Creating the Indexes
We constructed the Provider Integration Index and Facility Integration Index using weights calculated for each of the variables by dividing its factor loading by the sum of the factor loadings of all variables in that component (see weights column in Table 4). Next, we multiplied the variables included in each component by their associated weights and summed the values. Finally, we calculated the Provider Integration Index score and the Facility Integration Index score for each facility by multiplying these values by ten. The indexes thus range in value from zero to ten, with a higher score indicating a higher level of integration. Each facility was classified as having “low integration” (index score 0 - 3.29), “medium integration” (3.30 - 6.59) or “high integration” (6.60 -10.00). These classifications were determined by dividing raw scores equally into tertiles along the score continuum of zero to ten. A sensitivity analysis was conducted to identify the effects of excluding from the sample those facilities that do not offer child immunization (n=61); there were no statistically significant differences between the indexes that include all facilities versus those with the restricted set of facilities. We retained these facilities in the sample because one goal of the paper is to assess integration across the range of facilities and circumstances represented by our sample. Excluding these facilities would prevent us from knowing the full extent of integration across our sample. Additionally, one key benefit of developing these indexes is the ability to apply them to understand the effects of integration on health and service delivery outcomes. Having a score for facilities that do not offer child immunization allows future research to better identify correlations between level of integration (even very low level) and other outcomes.
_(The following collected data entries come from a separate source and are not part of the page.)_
lemma image_Collect_psubset_image_iff:
  assumes "inj_on f A"
  shows "f ` {x \<in> A. P x} \<subset> f ` A \<longleftrightarrow> (\<exists>x\<in>A. \<not> P x)"
proof
  assume "\<exists>x\<in>A. \<not> P x"
  then obtain x where "x \<in> A" "\<not> P x"
    by blast
  then have "f x \<notin> f ` {x \<in> A. P x}"
    using assms by (auto simp: inj_on_def)
  with \<open>x \<in> A\<close> show "f ` {x \<in> A. P x} \<subset> f ` A"
    by blast
qed blast

theorem lemma3p11:
  fixes n :: nat and v :: "nat \<Rightarrow> real^'d" and F :: "nat set set"
  assumes "simplicial_fan n v F" and "polytopal_fan v F"
  shows "((Upsilon n v F :: (real^'d^'m::finite) set set) \<subset> Delta_pow v F)
           \<longleftrightarrow> n \<le> CARD('m)"
proof -
  let ?S = "{s :: 'm \<Rightarrow> nat set. \<forall>j. s j \<in> F}"
  have "(Upsilon n v F :: (real^'d^'m) set set) \<subset> Delta_pow v F
      \<longleftrightarrow> (\<exists>s\<in>?S. has_matching (support_graph s) n)"
    unfolding Upsilon_eq[OF assms] Delta_pow_eq
    using image_Collect_psubset_image_iff[OF inj_on_product_cone[OF assms(1)],
        of "\<lambda>s. \<not> has_matching (support_graph s) n"]
    by simp
  also have "\<dots> \<longleftrightarrow> n \<le> CARD('m)"
    using has_matching_le_card has_matching_support_graph[OF assms(1)] by blast
  finally show ?thesis .
qed

end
Index Coherence and Robustness
Following Filmer and Pritchett (2001), we assessed the internal coherence and robustness of the indexes (48). We examined internal coherence by comparing facility characteristics and index scores across low (0-3.29), medium (3.30-6.59), and high integration groups (6.60-10). We assessed robustness by examining how the classifications of facilities having high Integration Index scores changed when different sub-sets of variables were entered into the PCA. To assess the robustness of the Provider Integration Index, we ran 6 variations of the PCA. The first variation (“base case”) included all variables. Each subsequent model omitted one of the provider integration variables. Similarly, to assess the robustness of the Facility Integration Index, we ran 4 variations of the PCA. The first variation (the “base case”) included all variables. Each subsequent model omitted one of the facility integration variables. Looking only at the sites classified as “high integration” in the base case, we examine the impact on classification when we omit one variable at a time from the PCA. As an additional robustness check, we also created the indexes using Exploratory Factor Analysis to ascertain whether these indexes correlate with those created using PCA.